=== ACTIVITY ===
Every line that holds the word "single" needs to be copied from the data below.

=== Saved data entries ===

============

(* Let $A_1,\ldots,A_k$ and $B_1,\ldots,B_k$ be $n\times n$ Hermitian matrices with $mI\le A_i,B_i\le MI$ for $i=1,\ldots,k$ and some scalars $0<m<M$, and let $w_1,\ldots,w_k$ be positive scalars with $\sum_{i=1}^kw_i=1$. Then $$\left(\sum_{i=1}^kw_iA_i^2\right)^{1/2}+\left(\sum_{i=1}^kw_iB_i^2\right)^{1/2}\le\frac{M+m}{2\sqrt{Mm}}\left(\sum_{i=1}^kw_i(A_i+B_i)^2\right)^{1/2}$$ and $$\left(\sum_{i=1}^kw_iA_i^2\right)^{1/2}+\left(\sum_{i=1}^kw_iB_i^2\right)^{1/2}\le\frac{(M-m)^2}{2(M+m)}I+\left(\sum_{i=1}^kw_i(A_i+B_i)^2\right)^{1/2}.$$
   Context: $\le$ is the Löwner order on Hermitian matrices. *)

theory Defs
  imports "HOL-Analysis.Analysis"
begin

definition adjoint_mat :: "complex^'n^'n \<Rightarrow> complex^'n^'n" where
  "adjoint_mat A = (\<chi> i j. cnj (A $ j $ i))"

definition hermitian :: "complex^'n^'n \<Rightarrow> bool" where
  "hermitian A \<longleftrightarrow> adjoint_mat A = A"

definition qform :: "complex^'n^'n \<Rightarrow> complex^'n \<Rightarrow> complex" where
  "qform A x = (\<Sum>i\<in>UNIV. cnj (x $ i) * ((A *v x) $ i))"

definition psd :: "complex^'n^'n \<Rightarrow> bool" where
  "psd A \<longleftrightarrow> hermitian A \<and> (\<forall>x. 0 \<le> Re (qform A x))"

definition loewner_le :: "complex^'n^'n \<Rightarrow> complex^'n^'n \<Rightarrow> bool" (infix \<open>\<le>\<^sub>L\<close> 50) where
  "A \<le>\<^sub>L B \<longleftrightarrow> hermitian A \<and> hermitian B \<and> psd (B - A)"

definition msqrt :: "complex^'n^'n \<Rightarrow> complex^'n^'n" where
  "msqrt A = (THE B. psd B \<and> B ** B = A)"

end

theory Submission
  imports Defs
begin

text \<open>Write \<open>X = \<Sum> w\<^sub>i A\<^sub>i\<^sup>2\<close> and \<open>A' = \<Sum> w\<^sub>i A\<^sub>i\<close>. The bounds \<open>m \<le> A\<^sub>i \<le> M\<close> give
  \<open>A\<^sub>i\<^sup>2 \<le> (M + m) A\<^sub>i - M m\<close>, hence \<open>X \<le> (M + m) A' - M m\<close>. Completing the square,
  \<open>(M + m) A' - M m\<close> lies below both \<open>(c A')\<^sup>2\<close> and \<open>(A' + d)\<^sup>2\<close>, where
  \<open>c = (M + m) / (2 sqrt (M m))\<close> and \<open>d = (M - m)\<^sup>2 / (4 (M + m))\<close>. Since the square root is
  operator monotone, \<open>msqrt X \<le> c A'\<close> and \<open>msqrt X \<le> A' + d\<close>; likewise for the \<open>B\<^sub>i\<close>.
  Finally \<open>A' + B'\<close> is below the square root of \<open>\<Sum> w\<^sub>i (A\<^sub>i + B\<^sub>i)\<^sup>2\<close>, because
  \<open>t \<mapsto> t\<^sup>2\<close> is operator convex and the square root is operator monotone.
  Adding the bounds for the two families gives both inequalities.\<close>

lemma quadratic_nonneg_imp_discriminant_le:
  fixes a b c :: real
  assumes "\<And>t. 0 \<le> a + 2 * t * b + t^2 * c" and "0 \<le> c"
  shows "b^2 \<le> a * c"
proof (cases "c = 0")
  case True
  have "b = 0"
  proof (rule ccontr)
    assume "b \<noteq> 0"
    have "0 \<le> a + 2 * (- (a + 1) / (2 * b)) * b"
      using assms(1)[of "- (a + 1) / (2 * b)"] True by simp
    also have "\<dots> = -1"
      using \<open>b \<noteq> 0\<close> by (simp add: field_simps)
    finally show False by simp
  qed
  then show ?thesis using True by simp
next
  case False
  then have "c > 0" using assms(2) by simp
  have "0 \<le> a + 2 * (- b / c) * b + (- b / c)^2 * c" by (rule assms(1))
  also have "\<dots> = a - b^2 / c"
    using \<open>c > 0\<close> by (simp add: field_simps power2_eq_square)
  finally show ?thesis
    using \<open>c > 0\<close> by (simp add: field_simps)
qed
lemma modat_alpha_pos_eq_graft:
  "modat (\<lambda>t. case t of Leaf \<Rightarrow> Leaf | Node l x r \<Rightarrow> Node l x y) (alpha_pos T) T = graft y T"
proof (induction T)
  case Leaf
  then show ?case by (cases "alpha_pos Leaf") auto
next
  case (Node l c r)
  then show ?case by (auto simp: alpha_pos_Node)
qed

lemma lab_graft [simp]: "lab (graft y t) = lab t"
  by (cases t) auto

lemma rootlab_graft [simp]: "rootlab (graft y t) = rootlab t"
  by (cases t) auto

lemma graft_eq_Leaf_iff [simp]: "graft y t = Leaf \<longleftrightarrow> t = Leaf"
  by (cases t) auto

lemma right_sub_graft: "y \<noteq> Leaf \<Longrightarrow> t \<noteq> Leaf \<Longrightarrow> right_sub (graft y t) \<noteq> Leaf"
  by (induction t) auto

lemma nnodes_graft: "t \<noteq> Leaf \<Longrightarrow> nnodes (graft y t) = nnodes t + nnodes y"
  by (induction t) (auto simp: lab_eq_Some_iff)

lemma labels_pos_graft: "labels_pos t \<Longrightarrow> labels_pos y \<Longrightarrow> labels_pos (graft y t)"
  by (induction t) auto

lemma principal_label_graft:
  "smir_local t \<Longrightarrow> t \<noteq> Leaf \<Longrightarrow> y \<noteq> Leaf \<Longrightarrow> principal_label (graft y t) = principal_label y"
  by (induction t) (auto simp: lab_eq_Some_iff)

lemma smir_local_graft:
  "smir_local t \<Longrightarrow> smir_local y \<Longrightarrow> y = Leaf \<or> rootlab y \<noteq> principal_label t \<Longrightarrow>
   smir_local (graft y t)"
  by (induction t) (auto simp: lab_eq_Some_iff)

fun cut_path :: "(nat \<Rightarrow> bool) \<Rightarrow> tree \<Rightarrow> tree \<times> tree" where
  "cut_path P Leaf = (Leaf, Leaf)"
| "cut_path P (Node l c r) =
     (if r = Leaf then (Node l c r, Leaf)
      else if lab l = Some c then apfst (\<lambda>l'. Node l' c r) (cut_path P l)
      else if P (rootlab r) then (Node l c Leaf, r)
      else apfst (Node l c) (cut_path P r))"

lemma lab_fst_cut_path [simp]: "lab (fst (cut_path P t)) = lab t"
  by (cases t) auto

lemma fst_cut_path_eq_Leaf_iff [simp]: "fst (cut_path P t) = Leaf \<longleftrightarrow> t = Leaf"
  by (cases t) auto

lemma graft_cut_path: "graft (snd (cut_path P t)) (fst (cut_path P t)) = t"
  by (induction t) (auto simp: lab_eq_Some_iff)

lemma cut_path_graft:
  "smir_local t \<Longrightarrow> t \<noteq> Leaf \<Longrightarrow> \<forall>x\<in>set (path_labels t). \<not> P x \<Longrightarrow> y = Leaf \<or> P (rootlab y) \<Longrightarrow>
   cut_path P (graft y t) = (t, y)"
proof (induction t)
  case (Node l c r)
  consider "r = Leaf" | "r \<noteq> Leaf" "lab l = Some c" | "r \<noteq> Leaf" "lab l \<noteq> Some c"
    by blast
  then show ?case
  proof cases
    case 1
    with Node.prems show ?thesis by (auto simp: lab_eq_Some_iff)
  next
    case 2
    then have "l \<noteq> Leaf" by auto
    with 2 Node.IH(1) Node.prems show ?thesis by simp
  next
    case 3
    then have "rootlab r \<in> set (path_labels r)" by (simp add: rootlab_in_path_labels)
    with 3 Node.IH(2) Node.prems show ?thesis by simp
  qed
qed simp

lemma path_labels_fst_cut_path:
  "\<not> P (rootlab t) \<Longrightarrow> \<forall>x\<in>set (path_labels (fst (cut_path P t))). \<not> P x"
proof (induction t)
  case (Node l c r)
  consider "r = Leaf" | "r \<noteq> Leaf" "lab l = Some c" | "r \<noteq> Leaf" "lab l \<noteq> Some c"
    by blast
  then show ?case
  proof cases
    case 1
    with Node.prems show ?thesis by simp
  next
    case 2
    then have "rootlab l = c" by (auto simp: lab_eq_Some_iff)
    with 2 Node.IH(1) Node.prems show ?thesis by simp
  next
    case 3
    with Node.IH(2) Node.prems show ?thesis by simp
  qed
qed simp

lemma snd_cut_path: "snd (cut_path P t) = Leaf \<or> P (rootlab (snd (cut_path P t)))"
  by (induction t) auto

lemma smir_local_cut_path:
  "smir_local t \<Longrightarrow> smir_local (fst (cut_path P t)) \<and> smir_local (snd (cut_path P t))"
proof (induction t)
  case (Node l c r)
  then show ?case by (cases "r = Leaf") (auto split: if_splits)
qed simp

lemma labels_pos_cut_path:
  "labels_pos t \<Longrightarrow> labels_pos (fst (cut_path P t)) \<and> labels_pos (snd (cut_path P t))"
  by (induction t) auto

section \<open>A recursive description of \<open>\<Phi>\<close>\<close>

text \<open>\<open>beyond a b x\<close>: seen from \<open>a\<close>, the label \<open>x\<close> lies at or past \<open>b\<close>. For \<open>a = a(T) \<noteq> b\<close>
  the vertex \<open>\<delta>\<close> of the paper is the last vertex of the principal path whose label is beyond
  \<open>b\<close>.\<close>

definition beyond :: "nat \<Rightarrow> nat \<Rightarrow> nat \<Rightarrow> bool" where
  "beyond a b x \<longleftrightarrow> (if a < b then b \<le> x else x \<le> b)"

lemma beyond_if_less: "a < b \<Longrightarrow> beyond a b x \<longleftrightarrow> b \<le> x"
  by (simp add: beyond_def)

lemma beyond_if_greater: "b < a \<Longrightarrow> beyond a b x \<longleftrightarrow> x \<le> b"
  by (simp add: beyond_def)

lemma beyond_self_iff [simp]: "beyond a b a \<longleftrightarrow> a = b"
  by (auto simp: beyond_def)

lemma beyond_target [simp]: "beyond a b b"
  by (simp add: beyond_def)

lemma beyond_cong: "\<not> beyond a b x \<Longrightarrow> beyond x b = beyond a b"
  unfolding beyond_def by (auto simp: fun_eq_iff)

fun second_tree :: "second \<Rightarrow> tree" where
  "second_tree (Tr s) = s"
| "second_tree _ = Leaf"

definition second_of :: "tree \<Rightarrow> second" where
  "second_of s = (if s = Leaf then U else Tr s)"

lemma second_tree_second_of [simp]: "second_tree (second_of s) = s"
  by (simp add: second_of_def)

lemma second_of_second_tree: "S \<noteq> D \<Longrightarrow> S \<noteq> Tr Leaf \<Longrightarrow> second_of (second_tree S) = S"
  by (cases S) (auto simp: second_of_def)
(* Let $(G,E,\phi_c)$ be any twisted Exel–Pardo tuple. Then the canonical algebra homomorphism $L(E)\to L(G,E,\phi_c)$, sending $v\mapsto v$, $e\mapsto e$, $e^*\mapsto e^*$ for $v\in E^0$, $e\in E^1$, is injective.
   Context: $\ell$ is a commutative unital ring, $\mathcal U(\ell)$ its unit group. A twisted Exel–Pardo tuple $(G,E,\phi_c)$: a graph $E=(E^0,E^1,r,s)$, a group $G$ acting on $E$ by graph automorphisms, $\phi:G\times E^1\to G$ with $\phi(gh,e)=\phi(g,h(e))\phi(h,e)$ and $\phi(g,e)(v)=g(v)$ for $v\in E^0$, and $c:G\times E^1\to\mathcal U(\ell)$ with $c(gh,e)=c(g,h(e))c(h,e)$. A vertex $v$ is regular if $0<|s^{-1}(v)|<\infty$. $L(G,E,\phi_c)$ is the $\ell$-algebra generated by $e,e^*$ ($e\in E^1$), $vg$ ($v\in E^0,g\in G$), $v:=v1$, subject to $e=s(e)er(e)$, $e^*=r(e)e^*s(e)$, $e^*f=\delta_{e,f}r(e)$, $(vg)(wh)=\delta_{v,g(w)}v(gh)$, $(vg)e=\delta_{v,g(s(e))}c(g,e)g(e)(r(g(e))\phi(g,e))$, $e^*(vg)=\delta_{v,s(e)}c(g,g^{-1}(e))(r(e)\phi(g,g^{-1}(e)))(g^{-1}(e))^*$, and $v=\sum_{s(e)=v}ee^*$ for every regular $v$. $L(E)$ is the Leavitt path algebra of $E$ over $\ell$. *)

theory Defs
  imports "HOL-Library.Poly_Mapping" "HOL-Algebra.Group"
begin

type_synonym ('x, 'l) falg = "'x list \<Rightarrow>\<^sub>0 'l"

definition fmul :: "('x, 'l::comm_ring_1) falg \<Rightarrow> ('x, 'l) falg \<Rightarrow> ('x, 'l) falg" where
  "fmul p q = (\<Sum>u\<in>Poly_Mapping.keys p. \<Sum>w\<in>Poly_Mapping.keys q. Poly_Mapping.single (u @ w) (Poly_Mapping.lookup p u * Poly_Mapping.lookup q w))"

definition fgen :: "'x \<Rightarrow> ('x, 'l::comm_ring_1) falg" where
  "fgen x = Poly_Mapping.single [x] 1"

definition fscal :: "'l::comm_ring_1 \<Rightarrow> ('x, 'l) falg \<Rightarrow> ('x, 'l) falg" where
  "fscal c p = fmul (Poly_Mapping.single [] c) p"

definition fmap :: "('x \<Rightarrow> 'y) \<Rightarrow> ('x, 'l::comm_ring_1) falg \<Rightarrow> ('y, 'l) falg" where
  "fmap f p = (\<Sum>u\<in>Poly_Mapping.keys p. Poly_Mapping.single (map f u) (Poly_Mapping.lookup p u))"

inductive_set fideal :: "('x, 'l::comm_ring_1) falg set \<Rightarrow> ('x, 'l) falg set"
  for R :: "('x, 'l) falg set" where
  zero: "0 \<in> fideal R"
| base: "a \<in> R \<Longrightarrow> a \<in> fideal R"
| add: "a \<in> fideal R \<Longrightarrow> b \<in> fideal R \<Longrightarrow> a + b \<in> fideal R"
| mult: "a \<in> fideal R \<Longrightarrow> fmul (fmul x a) y \<in> fideal R"

text \<open>A graph is \<open>(V, E, r, s)\<close> with \<open>V = E\<^sup>0\<close>, \<open>E = E\<^sup>1\<close>.\<close>
definition is_graph :: "'v set \<Rightarrow> 'e set \<Rightarrow> ('e \<Rightarrow> 'v) \<Rightarrow> ('e \<Rightarrow> 'v) \<Rightarrow> bool" where
  "is_graph V E r s \<longleftrightarrow> (\<forall>e\<in>E. r e \<in> V \<and> s e \<in> V)"

definition regular_vertex :: "'e set \<Rightarrow> ('e \<Rightarrow> 'v) \<Rightarrow> 'v \<Rightarrow> bool" where
  "regular_vertex E s v \<longleftrightarrow> finite {e\<in>E. s e = v} \<and> {e\<in>E. s e = v} \<noteq> {}"

datatype ('v, 'e) lgen = LV 'v | LE 'e | LS 'e   \<comment> \<open>vertex, edge, ghost edge \<open>e\<^sup>*\<close>\<close>

definition lgens :: "'v set \<Rightarrow> 'e set \<Rightarrow> ('v, 'e) lgen set" where
  "lgens V E = LV ` V \<union> LE ` E \<union> LS ` E"

definition leavitt_rels ::
  "'v set \<Rightarrow> 'e set \<Rightarrow> ('e \<Rightarrow> 'v) \<Rightarrow> ('e \<Rightarrow> 'v) \<Rightarrow> (('v, 'e) lgen, 'l::comm_ring_1) falg set" where
  "leavitt_rels V E r s =
     {fmul (fgen (LV v)) (fgen (LV w)) - (if v = w then fgen (LV v) else 0) | v w. v \<in> V \<and> w \<in> V}
   \<union> {fmul (fgen (LV (s e))) (fgen (LE e)) - fgen (LE e) | e. e \<in> E}
   \<union> {fmul (fgen (LE e)) (fgen (LV (r e))) - fgen (LE e) | e. e \<in> E}
   \<union> {fmul (fgen (LV (r e))) (fgen (LS e)) - fgen (LS e) | e. e \<in> E}
   \<union> {fmul (fgen (LS e)) (fgen (LV (s e))) - fgen (LS e) | e. e \<in> E}
   \<union> {fmul (fgen (LS e)) (fgen (LE f)) - (if e = f then fgen (LV (r e)) else 0) | e f. e \<in> E \<and> f \<in> E}
   \<union> {fgen (LV v) - (\<Sum>e\<in>{e\<in>E. s e = v}. fmul (fgen (LE e)) (fgen (LS e))) | v.
        v \<in> V \<and> regular_vertex E s v}"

============

=== OUTPUT ===
  "fmul p q = (\<Sum>u\<in>Poly_Mapping.keys p. \<Sum>w\<in>Poly_Mapping.keys q. Poly_Mapping.single (u @ w) (Poly_Mapping.lookup p u * Poly_Mapping.lookup q w))"
  "fgen x = Poly_Mapping.single [x] 1"
  "fscal c p = fmul (Poly_Mapping.single [] c) p"
  "fmap f p = (\<Sum>u\<in>Poly_Mapping.keys p. Poly_Mapping.single (map f u) (Poly_Mapping.lookup p u))"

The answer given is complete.